Показателен сам факт появления статьи в такой тональности: как мы говорили, изрекающие неоспоримые истины партийные идеологи в этой истории не просматриваются, зато обнаруживается, что у ее инициаторов есть вполне влиятельные противники. Что еще раз доказывает показательный, превентивный характер кампании без конкретных оргвыводов, которые оставили на усмотрение руководства «на местах». Характерно, что знакомый нам Яковлев, также один из фигурантов статьи Сажина, в 1949 году как ни в чем не бывало получит вторую Сталинскую премию, причем как раз за вполне «натуралистическую» картину «Колхозное стадо».
Анчаров, прирожденный спорщик и нонконформист, не мог не вмешаться в дискуссию по предмету, в котором, как ему казалось, действительно разбирался.
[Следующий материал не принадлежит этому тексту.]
theorem proposition4:
  fixes M :: "'a measure"
    and hr hi xe ye :: "nat \<Rightarrow> 'a \<Rightarrow> real"
    and x y :: "nat \<Rightarrow> real"
    and \<sigma> \<alpha> \<rho>1 \<rho>2 R0 :: real
  defines "d \<equiv> (\<lambda>k. sqrt ((x k)\<^sup>2 + (y k)\<^sup>2))"
  defines "lam \<equiv> (\<lambda>k. d k powr \<alpha>)"
  defines "\<epsilon>0 \<equiv> 2 powr R0 - 1"
  defines "B \<equiv> \<epsilon>0 / \<rho>2" and "C \<equiv> \<epsilon>0 / \<rho>1" and "kk \<equiv> \<epsilon>0 * \<rho>2 / \<rho>1"
  defines "Pe1 \<equiv> measure M {\<omega> \<in> space M. dhat xe ye 1 \<omega> > dhat xe ye 2 \<omega>}"
  defines "XN \<equiv> (\<lambda>\<omega>. gain hr hi d \<alpha> (nearU xe ye \<omega>) \<omega>)"
  defines "XF \<equiv> (\<lambda>\<omega>. gain hr hi d \<alpha> (farU xe ye \<omega>) \<omega>)"
  defines "Pcop \<equiv> 1 - measure M {\<omega> \<in> space M.
              \<rho>1 * XN \<omega> / (\<rho>2 * XF \<omega> + 1) > \<epsilon>0 \<and> \<rho>2 * XF \<omega> > \<epsilon>0}"
  assumes "prob_space M"
    and "prob_space.indep_vars M (\<lambda>_. borel) (rvs hr hi xe ye) ({0..<4} \<times> {1, 2})"
    and "\<And>k. k \<in> {1, 2} \<Longrightarrow> distributed M lborel (hr k) (normal_density 0 (sqrt (1/2)))"
    and "\<And>k. k \<in> {1, 2} \<Longrightarrow> distributed M lborel (hi k) (normal_density 0 (sqrt (1/2)))"
    and "\<And>k. k \<in> {1, 2} \<Longrightarrow> distributed M lborel (xe k) (normal_density (x k) \<sigma>)"
    and "\<And>k. k \<in> {1, 2} \<Longrightarrow> distributed M lborel (ye k) (normal_density (y k) \<sigma>)"
    and "\<sigma> > 0"
    and "0 < d 1" and "d 1 < d 2"
    and "\<alpha> > 0" and "\<rho>1 > 0" and "\<rho>2 > 0" and "R0 > 0"
  shows "Pcop = 1 - (1 - Pe1) * (lam 2 / (lam 2 + kk * lam 1)) * exp (- lam 1 * C - (lam 2 + kk * lam 1) * B)
                  - Pe1 * (lam 1 / (lam 1 + kk * lam 2)) * exp (- lam 2 * C - (lam 1 + kk * lam 2) * B)"
proof -
  interpret prob_space M by fact
  note ind = \<open>indep_vars (\<lambda>_. borel) (rvs hr hi xe ye) ({0..<4} \<times> {1, 2})\<close>
  have \<epsilon>0: "0 < \<epsilon>0" using \<open>R0 > 0\<close> by (simp add: \<epsilon>0_def)
  have d: "0 < d k" and lam: "0 < lam k" if "k \<in> {1, 2}" for k
    using that \<open>0 < d 1\<close> \<open>d 1 < d 2\<close> by (auto simp: lam_def)
  have gain_exponential: "distributed M lborel (gain hr hi d \<alpha> k) (exponential_density (lam k))"
    if "k \<in> {1, 2}" for k
    unfolding lam_def by (rule exponential_distributed_gain[where d=d, OF ind that assms(13,14)[OF that] d[OF that]])
  define success where "success a b \<longleftrightarrow> \<epsilon>0 < \<rho>1 * a / (\<rho>2 * b + 1) \<and> \<epsilon>0 < \<rho>2 * b" for a b
  have success_pred: "Measurable.pred (borel \<Otimes>\<^sub>M borel) (\<lambda>z. success (fst z) (snd z))"
    unfolding success_def by measurable
  have success_prob: "prob {\<omega> \<in> space M. success (gain hr hi d \<alpha> j \<omega>) (gain hr hi d \<alpha> k \<omega>)}
      = lam k / (lam k + kk * lam j) * exp (- lam j * C - (lam k + kk * lam j) * B)"
    if "j \<in> {1, 2}" "k \<in> {1, 2}" "j \<noteq> k" for j k
    using prob_decoding_success_exponential[OF indep_var_gains[OF ind that(2,1) that(3)[symmetric]]
        gain_exponential[OF that(1)] gain_exponential[OF that(2)] lam[OF that(1)] lam[OF that(2)]
        \<epsilon>0 \<open>\<rho>1 > 0\<close> \<open>\<rho>2 > 0\<close>]
    by (simp add: success_def B_def C_def kk_def)
  have "Pcop = 1 - prob {\<omega> \<in> space M. success (XN \<omega>) (XF \<omega>)}"
    unfolding Pcop_def success_def ..
  also have "\<dots> = 1 - ((1 - Pe1) * prob {\<omega> \<in> space M. success (gain hr hi d \<alpha> 1 \<omega>) (gain hr hi d \<alpha> 2 \<omega>)}
                       + Pe1 * prob {\<omega> \<in> space M. success (gain hr hi d \<alpha> 2 \<omega>) (gain hr hi d \<alpha> 1 \<omega>)})"
    unfolding XN_def XF_def Pe1_def prob_estimated_order_split[OF ind success_pred] ..
  also have "\<dots> = 1 - (1 - Pe1) * (lam 2 / (lam 2 + kk * lam 1)) * exp (- lam 1 * C - (lam 2 + kk * lam 1) * B)
                  - Pe1 * (lam 1 / (lam 1 + kk * lam 2)) * exp (- lam 2 * C - (lam 1 + kk * lam 2) * B)"
    by (subst (1 2) success_prob) (auto simp: algebra_simps)
  finally show ?thesis .
qed

end
(* Let $d,p\ge1$, let $\eta:\mathbb R^d\to\mathbb R$ be measurable, let $P_1,\dots,P_d$ be probability distributions on $\mathbb R$, let $\Theta\subset\mathbb R^p$ be compact and $(C_\theta)_{\theta\in\Theta}$ a family of $d$-dimensional copulas; let $P_\theta$ be the distribution on $\mathbb R^d$ with marginals $P_1,\dots,P_d$ and copula $C_\theta$, and $G_\theta$ the CDF of $\eta(\mathbf X)$ for $\mathbf X\sim P_\theta$. For a CDF $G$ let $G^{-1}(\alpha)=\inf\{y:G(y)\ge\alpha\}$. Fix $\alpha\in(0,1)$ and assume: (A2) for every $\theta\in\Theta$, $G_\theta$ is continuous; (A3) for every $\theta\in\Theta$, $G_\theta$ is strictly increasing, and there is a function $\underline{\epsilon}_\Theta:(0,\infty)\to(0,\infty)$ with $\min\big(G_\theta(y_\theta+\delta)-G_\theta(y_\theta),\,G_\theta(y_\theta)-G_\theta(y_\theta-\delta)\big)\ge\underline{\epsilon}_\Theta(\delta)$ for all $\theta\in\Theta$, $\delta>0$, where $y_\theta=G_\theta^{-1}(\alpha)$. Let $(\Theta_{K_n})_{n\ge1}$ be finite subsets of $\Theta$ of cardinality $K_n\le K n^\beta$ for some constants $K,\beta>0$. For each $n$ and $\theta\in\Theta_{K_n}$ let $\mathbf X_1,\dots,\mathbf X_n$ be i.i.d. with law $P_\theta$ (all on a common probability space), $Y_i=\eta(\mathbf X_i)$, $\widehat G_\theta(y)=\frac1n\sum_{i=1}^n\mathbf 1_{Y_i\le y}$ and $\widehat G_\theta^{-1}(\alpha)=\inf\{y:\widehat G_\theta(y)\ge\alpha\}$. Then for every $\epsilon>0$, $$\mathbb P\Big(\sup_{\theta\in\Theta_{K_n}}\big|\widehat G_\theta^{-1}(\alpha)-G_\theta^{-1}(\alpha)\big|>\epsilon\Big)\xrightarrow[n\to\infty]{}0.$$
   Context: A $d$-dimensional copula is a CDF on $[0,1]^d$ with uniform marginals; $P_\theta$ has joint CDF $C_\theta(F_1(x_1),\dots,F_d(x_d))$ with $F_j$ the CDF of $P_j$. *)

theory Defs
  imports "HOL-Probability.Probability"
begin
Он воспользовался тем, что «Комсомолка» в аннотации к статье Сажина пригласила «читателей высказаться по затронутым в статье вопросам», и накатал письмо в редакцию на 14 страницах. Письмо, отправленное 12 августа 1948 года, конечно, совершенно не соответствует канонам подобного рода критики: формулировать претензии напрямую («главный порок теоретических высказываний автора», «главный грех статьи») в статье, предназначенной для печати, не принято. Но не в этом главное.
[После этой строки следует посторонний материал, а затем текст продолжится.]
lemma boundary_on_boundary_on_finite:
  assumes V: "finite V" and t: "finite t"
  shows "boundary_on V (boundary_on V c) t = (0::'k::field)"
proof -
  define f where "f = (\<lambda>(v, w).
    insertion_sign v t * insertion_sign w (insert v t) * (c (insert w (insert v t)) :: 'k))"
  define P where "P = Sigma (V - t) (\<lambda>v. V - insert v t)"
  define P' where "P' = {p\<in>P. fst p < snd p}"
  have "boundary_on V (boundary_on V c) t = sum f P"
    unfolding boundary_on_def f_def P_def using V by (simp add: sum_distrib_left mult.assoc sum.Sigma)
  also have "P = P' \<union> prod.swap ` P'"
    unfolding P_def P'_def by (auto simp: neq_iff image_iff)
  also have "sum f \<dots> = sum f P' + sum (f \<circ> prod.swap) P'"
    using V by (subst sum.union_disjoint) (auto simp: P_def P'_def sum.reindex)
  also have "sum (f \<circ> prod.swap) P' = sum (\<lambda>p. - f p) P'"
  proof (rule sum.cong[OF refl])
    fix p assume "p \<in> P'"
    then obtain v w where p: "p = (v, w)" "v \<in> V - t" "w \<in> V - t" "v < w"
      unfolding P_def P'_def by auto
    have "insert v (insert w t) = insert w (insert v t)"
      by auto
    then show "(f \<circ> prod.swap) p = - f p"
      using insertion_sign_swap[where 'k='k, of t v w] p t unfolding f_def by simp
  qed
  finally show ?thesis
    by (simp add: sum_negf)
qed

lemma boundary_on_boundary_on:
  assumes "finite V" "\<And>s. infinite s \<Longrightarrow> c s = 0"
  shows "boundary_on V (boundary_on V c) = (\<lambda>_. (0::'k::field))"
proof
  fix t
  show "boundary_on V (boundary_on V c) t = 0"
    using boundary_on_boundary_on_finite[OF assms(1)] assms(2)
    by (cases "finite t") (auto simp: boundary_on_def)
qed

lemma boundary_on_mono_vertices:
  assumes "V \<subseteq> V'" "finite V'" "\<And>s. c s \<noteq> 0 \<Longrightarrow> s \<subseteq> V"
  shows "boundary_on V' c = (boundary_on V c :: 'v::linorder set \<Rightarrow> 'k::field)"
proof
  fix t
  have "\<forall>v\<in>V' - t - (V - t). insertion_sign v t * c (insert v t) = 0"
    using assms(3) by auto
  then show "boundary_on V' c t = boundary_on V c t"
    unfolding boundary_on_def by (intro sum.mono_neutral_right) (use assms in auto)
qed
Суть претензий к В. Сажину изложена на первых страницах письма Анчарова и вообще-то очевидна любому грамотному читателю: Сажин подменяет одно понятие другим (натурализм формализмом), а потом громит уже второе под именем первого. Потому Анчаров начинает письмо с определения терминов «натурализм» и «формализм», чтобы избежать разночтений. А через несколько страниц —великолепное китайское изречение: «если ты обращаешься ко мне с речью, то говори со мной на одном языке, ибо как ты хочешь, чтобы я постиг твои мудрые мысли, если мне непонятны слова, которые ты произносишь». Это — кредо! Можно спорить с тем, как правильно эту мысль приложить к живописи и что из этого вытекает для художника, но и без того позиция выражена ясно. С таким девизом можно жить и творить, написать его себе на знамени — только, желательно, никогда не забывать, что это лишь твое собственное мнение и никто другой не обязан ему следовать. Анчаров сам потом скажет (из «Записок странствующего энтузиаста»): «Главное правило для художника — быть исключением».
А вместо этого остальной объем письма посвящен разбору конкретных примеров, которые Анчаров считает положительными и отрицательными, и думается, что далеко не со всеми выводами молодого Анчарова согласился бы Анчаров зрелый. Автор занимается совершенно несвойственным ему делом: пытается разговаривать с оппонентами на их языке, обвиняя и возводя в ранг общественно неприемлемого то, что не нравится ему лично. Даже не просто «вот это формализм, значит, плохо», а «это мне не нравится (этого я не понимаю), значит, это формализм, значит, это плохо». Анчаров так старается подстроиться под уровень газетных дискуссий того времени, что не замечает, как впадает в тон «профессиональных искусствоведов» с их стремлением все подогнать под шаблон: подход, который он потом с такой иронией отвергнет в повести «Этот синий апрель»:
«И дипломницы даже завывали от раздражения, они кричали грубыми словами — эклектизм, эпигонство, нет своего лица, нет рисунка, нет композиции, эстетствующий натурализм, архаический формализм, провинциализм, изм, изм, — кричали они и притопывали озябшими ногами.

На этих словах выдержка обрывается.